After a particularly difficult and combative session on 24 July 1945, Truman casually sauntered over to where Stalin was sitting. Churchill knew what was going to happen and was determined to catch not just every word, but also the Soviet Dictator’s reaction. Speaking through Vladimir Pavlov (Stalin’s interpreter), Truman casually stated that America now possessed ‘a weapon of unusual destructive force’. Equally casually, Stalin replied, ‘Glad to hear it. I hope you will make good use of it against the Japanese’. Churchill later recalled the encounter, stating:
I was sure that Stalin had no idea of the significance of what he was being told… If he had had the slightest idea of the revolution in world affairs which was in progress his reactions would have been obvious. Nothing would have been easier for him to say, “Thank you so much for telling me about your new bomb. I of course have no technical knowledge. May I send my expert in these nuclear sciences to see your expert tomorrow morning?” But his face remained gay and genial and the talk between these two potentates soon came to an end. As we were waiting for our cars I found myself near Truman. “How did it go?’ I asked. “He never asked a question”, he replied.
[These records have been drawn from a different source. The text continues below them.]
lemma expectation_square_le:
  fixes f :: "'a \<Rightarrow> real"
  assumes "finite (set_pmf M)" and "\<And>x. x \<in> set_pmf M \<Longrightarrow> \<bar>f x - z\<bar> \<le> B"
  shows "measure_pmf.expectation M (\<lambda>x. (f x)\<^sup>2)
           \<le> z\<^sup>2 + 2 * z * (measure_pmf.expectation M f - z) + B\<^sup>2"
proof -
  note integrable = integrable_measure_pmf_finite[OF assms(1)]
  have "(f x - z)\<^sup>2 \<le> B\<^sup>2" if "x \<in> set_pmf M" for x
    using power_mono[OF assms(2)[OF that] abs_ge_zero, of 2] by simp
  then have "measure_pmf.expectation M (\<lambda>x. (f x - z)\<^sup>2) \<le> B\<^sup>2"
    using integrable by (intro measure_pmf.integral_le_const AE_pmfI) auto
  moreover have "(f x)\<^sup>2 = z\<^sup>2 + 2 * z * (f x - z) + (f x - z)\<^sup>2" for x
    by (simp add: power2_eq_square algebra_simps)
  then have "measure_pmf.expectation M (\<lambda>x. (f x)\<^sup>2)
      = z\<^sup>2 + 2 * z * (measure_pmf.expectation M f - z) + measure_pmf.expectation M (\<lambda>x. (f x - z)\<^sup>2)"
    by (simp add: integrable Bochner_Integration.integral_add Bochner_Integration.integral_diff)
  ultimately show ?thesis
    by simp
qed

lemma square_expectation_abs_le:
  fixes f :: "'a \<Rightarrow> real"
  assumes "finite (set_pmf M)"
  shows "(measure_pmf.expectation M (\<lambda>x. \<bar>f x\<bar>))\<^sup>2 \<le> measure_pmf.expectation M (\<lambda>x. (f x)\<^sup>2)"
  using measure_pmf.variance_eq[of M "\<lambda>x. \<bar>f x\<bar>"] measure_pmf.variance_positive[of M "\<lambda>x. \<bar>f x\<bar>"]
  by (simp add: integrable_measure_pmf_finite[OF assms])

lemma prob_abs_gt_tendsto_zero:
  fixes X :: "nat \<Rightarrow> 'a \<Rightarrow> real"
  assumes "\<And>n. integrable (measure_pmf (M n)) (X n)"
    and "(\<lambda>n. measure_pmf.expectation (M n) (\<lambda>x. \<bar>X n x\<bar>)) \<longlonglongrightarrow> 0" and "0 < \<epsilon>"
  shows "(\<lambda>n. measure_pmf.prob (M n) {x. \<epsilon> < \<bar>X n x\<bar>}) \<longlonglongrightarrow> 0"
proof (rule tendsto_sandwich[OF _ _ tendsto_const])
  have "measure_pmf.prob (M n) {x. \<epsilon> < \<bar>X n x\<bar>} \<le> measure_pmf.prob (M n) {x. \<epsilon> \<le> \<bar>X n x\<bar>}" for n
    by (intro measure_pmf.finite_measure_mono) auto
  also have "measure_pmf.prob (M n) {x. \<epsilon> \<le> \<bar>X n x\<bar>}
               \<le> measure_pmf.expectation (M n) (\<lambda>x. \<bar>X n x\<bar>) / \<epsilon>" for n
    using integral_Markov_inequality_measure[of "M n" "\<lambda>x. \<bar>X n x\<bar>" UNIV \<epsilon>] assms(1,3) by simp
  finally show "\<forall>\<^sub>F n in sequentially. measure_pmf.prob (M n) {x. \<epsilon> < \<bar>X n x\<bar>}
                  \<le> measure_pmf.expectation (M n) (\<lambda>x. \<bar>X n x\<bar>) / \<epsilon>"
    by simp
  show "(\<lambda>n. measure_pmf.expectation (M n) (\<lambda>x. \<bar>X n x\<bar>) / \<epsilon>) \<longlonglongrightarrow> 0"
    using tendsto_divide_zero[OF assms(2)] by simp
qed simp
Both Churchill and Truman had completely underestimated Stalin. His apparent indifference was nothing but a ploy. Thanks to his spy network, he knew considerably more about the Manhattan Project than the American President. Later that evening, Stalin conferred with Molotov about Truman’s disclosure. Molotov reacted decisively by saying, ‘We’ll have to talk it over with Kurchatov and get him to speed things up’. Later, the actual deployment of nuclear weapons against Japan served to further accelerate the Soviet research programme. The nuclear arms race was now under way. The Cold War had begun in earnest, Berlin would be its focal point in Europe.
After Potsdam, the Grand-Alliance disintegrated as relations between the former comrades-in-arms soured. There was little if any common ground with which to form a basis of mutual understanding. Indeed, Stalin’s policy of ‘tenacity and steadfastness’ contributed greatly to the vortex of mistrust that was destroying any hopes of future cooperation between the occupying powers. The role of nuclear weapons in this process was ‘subtle, but not unimportant’. Stalin once remarked that, ‘Atomic bombs are meant to frighten those with weak nerves’. By remaining steadfast, he appeared strong. In reality this amounted to a resounding ‘Nyet’ to every proposal put forward by the Americans and British. In Berlin, this meant the end of any active cooperation between the occupying powers.